You can also specify the `output_names` parameter to associate each output value with a name. Of course, this doesn't work for cases where a single value is produced, such as single-target regression.

``````naked.strip(model, input_names=dataset.feature_names, output_names=dataset.target_names)
``````
``````def handle_input_names(x):
names = ['alcohol', 'malic_acid', 'ash', 'alcalinity_of_ash', 'magnesium', 'total_phenols', 'flavanoids', 'nonflavanoid_phenols', 'proanthocyanins', 'color_intensity', 'hue', 'od280/od315_of_diluted_wines', 'proline']
return [x[name] for name in names]

def standard_scaler(x):

mean_ = [13.000617977528083, 2.336348314606741, 2.3665168539325854, 19.49494382022472, 99.74157303370787, 2.295112359550562, 2.0292696629213474, 0.36185393258426973, 1.5908988764044953, 5.058089882022473, 0.9574494382022468, 2.6116853932584254, 746.8932584269663]
var_ = [0.6553597304633259, 1.241004080924126, 0.07484180027774268, 11.090030614821362, 202.84332786264366, 0.3894890323191514, 0.9921135115515715, 0.015401619113748266, 0.32575424820098453, 5.344255847629093, 0.05195144969069561, 0.5012544628203511, 98609.60096578706]
with_mean = True
with_std = True

def scale(x, m, v):
if with_mean:
x -= m
if with_std:
x /= v ** .5
return x

return [scale(xi, m, v) for xi, m, v in zip(x, mean_, var_)]

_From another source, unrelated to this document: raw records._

lemma det_on_has_vector_derivative:
  fixes V :: "real \<Rightarrow> op" and H :: op
  assumes B: "finite B"
    and V': "\<And>i k. i \<in> B \<Longrightarrow> k \<in> B \<Longrightarrow>
              ((\<lambda>s. V s i k) has_vector_derivative (\<Sum>l\<in>B. H i l * V t l k)) (at t within S)"
  shows "((\<lambda>s. det_on B (V s)) has_vector_derivative (\<Sum>i\<in>B. H i i) * det_on B (V t)) (at t within S)"
proof -
  let ?P = "{p. p permutes B}"
  let ?D = "\<lambda>p i. of_int (sign p) * ((\<Sum>l\<in>B. H i l * V t l (p i)) * (\<Prod>j\<in>B - {i}. V t j (p j)))"
  have "((\<lambda>s. det_on B (V s)) has_derivative (\<lambda>h. h *\<^sub>R (\<Sum>p\<in>?P. \<Sum>i\<in>B. ?D p i))) (at t within S)"
    unfolding det_on_def
  proof (rule has_derivative_eq_rhs)
    show "((\<lambda>s. \<Sum>p\<in>?P. of_int (sign p) * (\<Prod>i\<in>B. V s i (p i))) has_derivative
       (\<lambda>h. \<Sum>p\<in>?P. of_int (sign p) * (\<Sum>i\<in>B. (h *\<^sub>R (\<Sum>l\<in>B. H i l * V t l (p i))) * (\<Prod>j\<in>B - {i}. V t j (p j)))))
       (at t within S)"
    proof (intro has_derivative_sum has_derivative_mult_right has_derivative_prod)
      fix p i assume "p \<in> ?P" "i \<in> B"
      then show "((\<lambda>s. V s i (p i)) has_derivative (\<lambda>h. h *\<^sub>R (\<Sum>l\<in>B. H i l * V t l (p i)))) (at t within S)"
        using V' by (simp add: permutes_in_image has_vector_derivative_def)
    qed
  qed (auto simp: fun_eq_iff sum_distrib_left sum_distrib_right mult_ac scaleR_conv_of_real)
  moreover have "(\<Sum>p\<in>?P. \<Sum>i\<in>B. ?D p i) = (\<Sum>i\<in>B. \<Sum>l\<in>B. H i l *
      (\<Sum>p\<in>?P. of_int (sign p) * (V t l (p i) * (\<Prod>j\<in>B - {i}. V t j (p j)))))"
    by (simp add: sum.swap[of _ ?P] sum_distrib_left sum_distrib_right mult_ac)
  moreover have "\<dots> = (\<Sum>i\<in>B. H i i) * det_on B (V t)"
  proof -
    have "(\<Sum>l\<in>B. H i l * (if l = i then d else 0)) = H i i * d" if "i \<in> B" for i d
      using B that by (simp add: if_distrib[of "(*) _"] cong: if_cong)
    then show ?thesis using B by (simp add: det_on_replace_row sum_distrib_right cong: sum.cong)
  qed
  ultimately show ?thesis unfolding has_vector_derivative_def by simp
qed

section \<open>Piecewise continuity, Liouville's formula and the time-ordered exponential\<close>

lemma piecewise_continuous_on_locally_bounded:
  fixes f :: "real \<Rightarrow> 'b::real_normed_vector"
  assumes cont: "continuous_on ({a..b} - D) f"
    and lim: "\<forall>x\<in>D. (\<exists>l. (f \<longlongrightarrow> l) (at x within {a..<x})) \<and> (\<exists>l. (f \<longlongrightarrow> l) (at x within {x<..b}))"
    and x: "x \<in> {a..b}"
  shows "\<exists>d>0. \<exists>K. \<forall>y\<in>{a..b} - D. dist y x < d \<longrightarrow> norm (f y) \<le> K"
proof (cases "x \<in> D")
  case False
  with x cont obtain d where d: "d > 0" "\<forall>y\<in>{a..b} - D. dist y x < d \<longrightarrow> dist (f y) (f x) < 1"
    unfolding continuous_on_iff by (metis DiffI zero_less_one)
  then have "\<forall>y\<in>{a..b} - D. dist y x < d \<longrightarrow> norm (f y) \<le> norm (f x) + 1"
    by (smt (verit) dist_norm norm_triangle_sub)
  then show ?thesis using d(1) by blast
next
  case True
  with lim obtain l1 l2 where "(f \<longlongrightarrow> l1) (at x within {a..<x})" "(f \<longlongrightarrow> l2) (at x within {x<..b})"
    by blast
  then obtain d1 d2 where d1: "d1 > 0" "\<forall>y\<in>{a..<x}. y \<noteq> x \<and> dist y x < d1 \<longrightarrow> dist (f y) l1 < 1"
    and d2: "d2 > 0" "\<forall>y\<in>{x<..b}. y \<noteq> x \<and> dist y x < d2 \<longrightarrow> dist (f y) l2 < 1"
    unfolding tendsto_iff eventually_at by (metis zero_less_one)
  have "norm (f y) \<le> max (norm l1) (norm l2) + 1" if y: "y \<in> {a..b} - D" "dist y x < min d1 d2" for y
  proof -
    have "y \<noteq> x" using y True by auto
    then have "y < x \<or> x < y" by linarith
    then have "dist (f y) l1 < 1 \<or> dist (f y) l2 < 1" using d1(2) d2(2) y by auto
    then show ?thesis by (smt (verit) dist_norm norm_triangle_sub)
  qed
  then show ?thesis using d1(1) d2(1) by (metis min_less_iff_conj)
qed

lemma compact_locally_bounded_imp_bounded:
  fixes f :: "'a::metric_space \<Rightarrow> 'b::real_normed_vector"
  assumes "compact K" "S \<subseteq> K"
    and loc: "\<And>x. x \<in> K \<Longrightarrow> \<exists>d>0. \<exists>B. \<forall>y\<in>S. dist y x < d \<longrightarrow> norm (f y) \<le> B"
  shows "\<exists>B. \<forall>y\<in>S. norm (f y) \<le> B"
proof -
  obtain d B where dB: "\<And>x. x \<in> K \<Longrightarrow> d x > 0 \<and> (\<forall>y\<in>S. dist y x < d x \<longrightarrow> norm (f y) \<le> B x)"
    using loc by metis
  obtain C where C: "C \<subseteq> K" "finite C" "K \<subseteq> (\<Union>x\<in>C. ball x (d x))"
    by (rule compactE_image[OF \<open>compact K\<close>, of K "\<lambda>x. ball x (d x)"]) (use dB in force)+
  have "norm (f y) \<le> (\<Sum>x\<in>C. \<bar>B x\<bar>)" if "y \<in> S" for y
  proof -
    obtain x where x: "x \<in> C" "y \<in> ball x (d x)" using C \<open>S \<subseteq> K\<close> \<open>y \<in> S\<close> by blast
    then have "norm (f y) \<le> \<bar>B x\<bar>" using dB[of x] C \<open>y \<in> S\<close> by (force simp: dist_commute)
    also have "\<dots> \<le> (\<Sum>x\<in>C. \<bar>B x\<bar>)" using x C by (intro member_le_sum) auto
    finally show ?thesis .
  qed
  then show ?thesis by blast
qed

lemma piecewise_continuous_on_integrable:
  fixes f :: "real \<Rightarrow> 'b::euclidean_space"
  assumes "piecewise_continuous_on a b f"
  shows "f integrable_on {a..b}"
proof -
  obtain D where D: "finite D" "continuous_on ({a..b} - D) f"
    "\<forall>x\<in>D. (\<exists>l. (f \<longlongrightarrow> l) (at x within {a..<x})) \<and> (\<exists>l. (f \<longlongrightarrow> l) (at x within {x<..b}))"
    using assms unfolding piecewise_continuous_on_def by blast
  obtain B where B: "\<forall>y\<in>{a..b} - D. norm (f y) \<le> B"
    using compact_locally_bounded_imp_bounded[of "{a..b}" "{a..b} - D" f]
      piecewise_continuous_on_locally_bounded[OF D(2,3)] by auto
  have negl: "negligible D" using D(1) by (rule negligible_finite)
  have S: "{a..b} - D \<in> sets lebesgue"
    using negl by (intro sets.Diff) (auto intro: negligible_imp_sets)
  have "f integrable_on ({a..b} - D)"
  proof (rule measurable_bounded_by_integrable_imp_integrable[OF _ _ _ S])
    show "f \<in> borel_measurable (lebesgue_on ({a..b} - D))"
      by (rule continuous_imp_measurable_on_sets_lebesgue[OF D(2) S])
    show "(\<lambda>x. B) integrable_on ({a..b} - D)"
      by (rule integrable_spike_set[of _ "{a..b}"]) (auto intro: negligible_subset[OF negl])
  qed (use B in blast)
  then show ?thesis
    by (rule integrable_spike_set) (auto intro: negligible_subset[OF negl])
qed

lemma piecewise_continuous_on_common_exceptions:
  fixes f :: "'i \<Rightarrow> real \<Rightarrow> 'b::real_normed_vector"
  assumes "finite I" "\<And>i. i \<in> I \<Longrightarrow> piecewise_continuous_on a b (f i)"
  shows "\<exists>D. finite D \<and> (\<forall>i\<in>I. continuous_on ({a..b} - D) (f i))"
  using assms
proof (induction I rule: finite_induct)
  case (insert i I)
  obtain D where D: "finite D" "\<forall>j\<in>I. continuous_on ({a..b} - D) (f j)"
    using insert by blast
  obtain Di where Di: "finite Di" "continuous_on ({a..b} - Di) (f i)"
    using insert.prems[of i] unfolding piecewise_continuous_on_def by blast
  have "\<forall>j\<in>insert i I. continuous_on ({a..b} - (D \<union> Di)) (f j)"
    using D Di by (auto intro: continuous_on_subset)
  then show ?case using D Di by blast
qed auto

lemma integral_has_vector_derivative_at_continuity_point:
  fixes f :: "real \<Rightarrow> 'b::banach"
  assumes f: "f integrable_on {a..b}" and t: "t \<in> {a<..<b}" and c: "isCont f t"
  shows "((\<lambda>u. integral {a..u} f) has_vector_derivative f t) (at t)"
proof -
  have "t \<in> {a..b} - {}" using t by auto
  then have "((\<lambda>u. integral {a..u} f) has_vector_derivative f t) (at t within {a..b} - {})"
    by (rule integral_has_vector_derivative_continuous_at[OF f _ finite.emptyI])
      (rule continuous_at_imp_continuous_at_within[OF c])
  moreover have "t \<in> interior {a..b}" using t by simp
  ultimately show ?thesis by (metis Diff_empty at_within_interior)
qed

def logistic_regression(x):

coef_ = [[0.8101347947338147, 0.20382073148760085, 0.47221241678911957, -0.8447843882542064, 0.04952904623674445, 0.21372479616642068, 0.6478750705319883, -0.19982499112990385, 0.13833867563545404, 0.17160966151451867, 0.13090887117218597, 0.7259506896985365, 1.07895948707047], [-1.0103233753629153, -0.44045952703036084, -0.8480739967718842, 0.5835732316278703, -0.09770602368275362, 0.027527982220605866, 0.35399157401383297, 0.21278279386396404, 0.2633610495737497, -1.0412707677956505, 0.6825215991118386, 0.05287634940648419, -1.1407929345327175], [0.20018858062910203, 0.23663879554275832, 0.37586157998276365, 0.26121115662633365, 0.048176977446007865, -0.2412527783870254, -1.0018666445458222, -0.012957802734061021, -0.40169972520920566, 0.8696611062811332, -0.8134304702840255, -0.7788270391050198, 0.061833447462247046]]
intercept_ = [0.41229358315867787, 0.7048164121833935, -1.1171099953420585]

import math

logits = [
b + sum(xi * wi for xi, wi in zip(x, w))
for w, b in zip(coef_, intercept_)
]

# Sigmoid activation for binary classification
if len(logits) == 1:
p_true = 1 / (1 + math.exp(-logits))
return [1 - p_true, p_true]

# Softmax activation for multi-class classification
z_max = max(logits)
exp = [math.exp(z - z_max) for z in logits]
exp_sum = sum(exp)
return [e / exp_sum for e in exp]

def handle_output_names(x):
names = ['class_0' 'class_1' 'class_2']
return dict(zip(names, x))

def pipeline(x):
x = handle_input_names(x)
x = standard_scaler(x)
x = logistic_regression(x)
x = handle_output_names(x)
return x
``````

As you can see, by specifying `input_names` as well as `output_names`, we obtain a pipeline of functions which takes as input a dictionary and produces a dictionary.

## Development workflow

``````git clone https://github.com/MaxHalford/naked
cd naked
poetry install
poetry shell
pytest
``````

You may test the web interface locally by running streamlit:

``````streamlit run app/app.py
``````

## Things to do

• Implement more models. For instance it should quite straightforward to support LightGBM.
• Remove useless branching conditions. Parameters are currently handled via `if` statements. Ideally it would be nice to remove the `if` statements and only keep the code that will actually run. This should be doable by using the `ast` module.